I like the women of X-MEN and was going name her after one of them..I have 6 names or so that i like but i am not sure of which one so i was thinking of doing a poll on HHC to decide my choice.
She is a week short of 5 months old.
Here is a link to the pictures
http://imageevent.com/thomasonratterrie ... nanamesoon :mrgreen:


----------



## Shelbys Mom (Mar 27, 2009)

*Re: Got her from Valley*

Awww. she's beautiful!!
I can't wait to see what she get's named!
Took me almost 3 weeks to name the last one I got! :shock:


----------



## LarryT (May 12, 2009)

*Re: Got her from Valley*



Shelbys Mom said:


> Awww. she's beautiful!!
> I can't wait to see what she get's named!
> Took me almost 3 weeks to name the last one I got! :shock:


Hope u vote :!: your vote counts  :lol:


----------



## Shelbys Mom (Mar 27, 2009)

*Re: New addition*

I most definitely will!  
I thought about setting up a poll for mine. But I didn't :?


----------



## LarryT (May 12, 2009)

*Re: New addition*



Shelbys Mom said:


> I most definitely will!
> I thought about setting up a poll for mine. But I didn't :?


I liked the poll idea and a new friend from HHC showed me how to do it  as i am not PC gifted :!: :lol:


----------



## Shelbys Mom (Mar 27, 2009)

*Re: New addition*



LarryT said:


> I liked the poll idea and a new friend from HHC showed me how to do it  as i am not PC gifted :!: :lol:


Everyone starts that way! lol
Their not hard once you get over being scared of clicking the wrong thing and just click to see what happens!...lol


----------



## LizardGirl (Aug 25, 2008)

*Re: New addition*

Aww, I like her little white belly in the 8th pic.

She definitely does not look Algerian Dark Grey. Quite frankly, she looks like Inky (WB Chocolate) with slightly more cheek patches.


----------



## Vortex (Aug 28, 2008)

*Re: New addition Pictures*

aww she is a cutie!


----------



## LarryT (May 12, 2009)

*Re: New addition*



LizardGirl said:


> Aww, I like her little white belly in the 8th pic.
> 
> She definitely does not look Algerian Dark Grey. Quite frankly, she looks like Inky (WB Chocolate) with slightly more cheek patches.

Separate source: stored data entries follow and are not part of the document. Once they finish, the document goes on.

lemma has_real_derivative_comp_gradient:
  assumes "(h has_derivative (\<lambda>v. d \<bullet> v)) (at (x t))"
    and "(x has_vector_derivative v) (at t within S)"
  shows "((\<lambda>s. h (x s)) has_real_derivative d \<bullet> v) (at t within S)"
proof -
  have "((h \<circ> x) has_derivative ((\<lambda>w. d \<bullet> w) \<circ> (\<lambda>s. s *\<^sub>R v))) (at t within S)"
    using assms(2) unfolding has_vector_derivative_def
    by (rule diff_chain_within) (rule has_derivative_at_withinI[OF assms(1)])
  moreover have "(\<lambda>w. d \<bullet> w) \<circ> (\<lambda>s. s *\<^sub>R v) = (*) (d \<bullet> v)"
    by (simp add: fun_eq_iff mult.commute)
  ultimately show ?thesis
    unfolding has_field_derivative_def o_def by simp
qed

theorem theorem2:
  fixes iota :: "'n::finite \<Rightarrow> 's::finite"
    and f fu fulo fuhi :: "real^'s \<Rightarrow> real^'s"
    and p :: "'n \<Rightarrow> nat" and phi :: "'n \<Rightarrow> real^'s \<Rightarrow> nat \<Rightarrow> real"
    and th thlo thhi th0 :: "'n \<Rightarrow> nat \<Rightarrow> real"
    and g :: "real^'s \<Rightarrow> real^'n^'n"
    and q :: "'n \<Rightarrow> 'n \<Rightarrow> nat" and psi :: "'n \<Rightarrow> 'n \<Rightarrow> real^'s \<Rightarrow> nat \<Rightarrow> real"
    and lam lamlo lamhi lam0 :: "'n \<Rightarrow> 'n \<Rightarrow> nat \<Rightarrow> real"
    and h :: "real^'s \<Rightarrow> real" and Dh :: "real^'s \<Rightarrow> real^'s"
    and X :: "(real^'s) set" and bstar :: real
    and gam eps1 eps2 gth glam :: real
    and u0 :: "real^'s \<Rightarrow> real"
    and T :: real and xt :: "real \<Rightarrow> real^'s" and muh nuh :: "real \<Rightarrow> real"
  assumes iota_inj: "inj iota"
    (* known/unknown drift terms are Lipschitz *)
    and f_lip: "\<exists>L. L-lipschitz_on UNIV f"
    and fu_lip: "\<exists>L. L-lipschitz_on UNIV fu"
    (* h is continuously differentiable with gradient (row vector) Dh *)
    and h_deriv: "\<And>x. (h has_derivative (\<lambda>v. Dh x \<bullet> v)) (at x)"
    and Dh_cont: "continuous_on UNIV Dh"
    (* Assumption A *)
    and assmA: "\<And>x j. fulo x $ j \<le> fu x $ j \<and> fu x $ j \<le> fuhi x $ j"
    (* Assumption B' *)
    and assmB_th: "\<And>i j. j < p i \<Longrightarrow> thlo i j \<le> th i j \<and> th i j \<le> thhi i j"
    and assmB_lam: "\<And>i j k. k < q i j \<Longrightarrow> lamlo i j k \<le> lam i j k \<and> lam i j k \<le> lamhi i j k"
    (* nominal values *)
    and nom_th: "\<And>i j. j < p i \<Longrightarrow> thlo i j \<le> th0 i j \<and> th0 i j \<le> thhi i j"
    and nom_lam: "\<And>i j k. k < q i j \<Longrightarrow> lamlo i j k \<le> lam0 i j k \<and> lam0 i j k \<le> lamhi i j k"
    (* Assumption C' *)
    and X_compact: "compact X"
    and C_sub_X: "{x. h x \<ge> 0} \<subseteq> X"
    and bstar_pos: "bstar > 0"
    and assmC: "\<And>x. x \<in> X \<Longrightarrow>
       pos_def_mat ((1/2) *\<^sub>R ((g x + mat_param q lam psi x) + transpose (g x + mat_param q lam psi x)))
       \<and> smallest_sv ((1/2) *\<^sub>R ((g x + mat_param q lam psi x) + transpose (g x + mat_param q lam psi x))) \<ge> bstar"
    (* (ii) constants and nonemptiness of K_BF^g(x) on C *)
    and pos: "gam > 0" "eps1 > 0" "eps2 > 0" "gth > 0" "glam > 0"
    and K_nonempty: "\<And>x. h x \<ge> 0 \<Longrightarrow>
       {uu::real. Mfun Dh f fulo fuhi x + proj2 iota (Dh x) \<bullet> lin_param p th0 phi x - (eps1 + eps2)
          + gam * (h x - (radius1 p thlo thhi th0)\<^sup>2 / (2 * gth) - (radius2 q lamlo lamhi lam0)\<^sup>2 / (2 * glam))
          + (proj2 iota (Dh x) \<bullet> ((g x + mat_param q lam0 psi x) *v proj2 iota (Dh x))) * uu \<ge> 0} \<noteq> {}"
    (* (iii) u0 Lipschitz with u0(x) in K_BF^g(x) *)
    and u0_lip: "\<exists>L. L-lipschitz_on UNIV u0"
    and u0_K: "\<And>x. h x \<ge> 0 \<Longrightarrow>
       Mfun Dh f fulo fuhi x + proj2 iota (Dh x) \<bullet> lin_param p th0 phi x - (eps1 + eps2)
          + gam * (h x - (radius1 p thlo thhi th0)\<^sup>2 / (2 * gth) - (radius2 q lamlo lamhi lam0)\<^sup>2 / (2 * glam))
          + (proj2 iota (Dh x) \<bullet> ((g x + mat_param q lam0 psi x) *v proj2 iota (Dh x))) * u0 x \<ge> 0"
    (* closed-loop trajectory on [0,T) *)
    and T_pos: "T > 0"
    and mu_ode: "\<And>t. t \<in> {0..<T} \<Longrightarrow>
       (muh has_real_derivative
          (- gam * muh t + gth * norm (proj2 iota (Dh (xt t))) * norm_stack1 p phi (xt t)))
        (at t within {0..<T})"
    and nu_ode: "\<And>t. t \<in> {0..<T} \<Longrightarrow>
       (nuh has_real_derivative
          (- gam * nuh t + glam * (norm (proj2 iota (Dh (xt t))))\<^sup>2 * \<bar>u0 (xt t)\<bar> * norm_stack2 q psi (xt t)))
        (at t within {0..<T})"
    and mu0: "muh 0 > 0" and nu0: "nuh 0 > 0"
    and x_ode: "\<And>t. t \<in> {0..<T} \<Longrightarrow>
       (let x = xt t; hx2 = proj2 iota (Dh x); w = u0 x;
            k1 = (muh t)\<^sup>2 * (norm_stack1 p phi x)\<^sup>2
                 / (muh t * norm_stack1 p phi x * norm hx2 + eps1);
            k2 = nuh t * norm_stack2 q psi x * norm hx2;
            s = w + k1 / bstar + k2\<^sup>2 * w\<^sup>2 / (bstar * (k2 * norm hx2 * \<bar>w\<bar> + eps2));
            u = s *\<^sub>R hx2
        in (xt has_vector_derivative
              (f x + fu x + emb iota (lin_param p th phi x + (g x + mat_param q lam psi x) *v u)))
             (at t within {0..<T}))"
    (* (iv) initial condition *)
    and init: "h (xt 0) \<ge> ((muh 0)\<^sup>2 + (radius1 p thlo thhi th0)\<^sup>2) / (2 * gth)
                         + ((nuh 0)\<^sup>2 + (radius2 q lamlo lamhi lam0)\<^sup>2) / (2 * glam)"
  shows "\<forall>t\<in>{0<..<T}. h (xt t) \<ge> 0"
proof -
  define mb where "mb = radius1 p thlo thhi th0"
  define nb where "nb = radius2 q lamlo lamhi lam0"
  define a where "a t = proj2 iota (Dh (xt t))" for t
  define V where "V t = f (xt t) + fu (xt t) + emb iota (lin_param p th phi (xt t)
      + (g (xt t) + mat_param q lam psi (xt t)) *v ((u0 (xt t) + robust_gain bstar eps1 eps2
          (muh t) (nuh t) (norm_stack1 p phi (xt t)) (norm_stack2 q psi (xt t)) (norm (a t))
          (u0 (xt t))) *\<^sub>R a t))" for t
  define B where "B t = h (xt t) - (muh t - mb)\<^sup>2 / (2 * gth) - (nuh t - nb)\<^sup>2 / (2 * glam)" for t
  define B' where "B' t = Dh (xt t) \<bullet> V t
      - (muh t - mb) * (- gam * muh t + gth * norm (a t) * norm_stack1 p phi (xt t)) / gth
      - (nuh t - nb) * (- gam * nuh t
          + glam * (norm (a t))\<^sup>2 * \<bar>u0 (xt t)\<bar> * norm_stack2 q psi (xt t)) / glam" for t
  have h_ge_B: "B t \<le> h (xt t)" for t
  proof -
    have "0 \<le> (muh t - mb)\<^sup>2 / (2 * gth)" "0 \<le> (nuh t - nb)\<^sup>2 / (2 * glam)"
      using pos by simp_all
    then show ?thesis
      by (simp add: B_def)
  qed
  have B_deriv: "(B has_real_derivative B' t) (at t within {0..<T})" if t: "t \<in> {0..<T}" for t
  proof -
    have "(xt has_vector_derivative V t) (at t within {0..<T})"
      using x_ode[OF t] by (simp add: V_def a_def robust_gain_def Let_def add.assoc)
    then show ?thesis
      unfolding B_def B'_def a_def using pos
      by (auto intro!: derivative_eq_intros has_real_derivative_comp_gradient[OF h_deriv]
          mu_ode[OF t] nu_ode[OF t] simp: field_simps)
  qed
  have B'_gt: "- gam * B t < B' t" if t: "t \<in> {0..<T}" and "0 \<le> B t" for t
  proof -
    have h_nonneg: "0 \<le> h (xt t)"
      using h_ge_B[of t] \<open>0 \<le> B t\<close> by linarith
    then have C: "xt t \<in> X"
      using C_sub_X by auto
    have "0 < muh t" "0 < nuh t"
      using pos_if_deriv_ge_neg_linear[where gam = gam, OF mu_ode _ mu0 t]
        pos_if_deriv_ge_neg_linear[where gam = gam, OF nu_ode _ nu0 t] pos by simp_all
    then show ?thesis
      unfolding B_def B'_def V_def a_def mb_def nb_def
      by (intro closed_loop_barrier_derivative_gt[where x = "xt t" and f = f and fu = fu
            and fulo = fulo and fuhi = fuhi and g = g and Dh = Dh and h = h,
            OF assmA assmB_th assmB_lam nom_th nom_lam conjunct1[OF assmC[OF C]]
            conjunct2[OF assmC[OF C]] bstar_pos pos _ _ u0_K[OF h_nonneg]])
        simp_all
  qed
  have "0 \<le> B 0"
    unfolding B_def mb_def nb_def using pos mu0 nu0 init
    by (intro initial_barrier_nonneg) simp_all
  show ?thesis
  proof
    fix t assume "t \<in> {0<..<T}"
    then have "0 \<le> B t"
      using nonneg_if_deriv_gt_neg_linear_at_nonneg[OF B_deriv B'_gt \<open>0 \<le> B 0\<close>] by simp
    with h_ge_B[of t] show "0 \<le> h (xt t)"
      by linarith
  qed
qed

I am no color expert but i think your right LG


----------



## LarryT (May 12, 2009)

Reaper and Bryan have decided she is a Grey Algerian.


----------



## Shelbys Mom (Mar 27, 2009)

Gotta name for the little beauty yet?


----------



## LarryT (May 12, 2009)

Shelbys Mom said:


> Gotta name for the little beauty yet?


No i am posting a poll under FUN Stuff please vote!It will run for 10 days and the winning name will be hers.


----------



## Shelbys Mom (Mar 27, 2009)

I'm headin for the polls!!


----------



## shetland (Sep 2, 2008)

Every picture is just adorable. How lucky you are to have her! I can't wait to see more pictures!!!!!!!!!!


----------



## Yer_Daddy (May 6, 2009)

How about Rogue? Since she's got that white in her spines?


----------



## hedgewawa (Apr 25, 2009)

Your new girl is very pretty. Best of luck with her


----------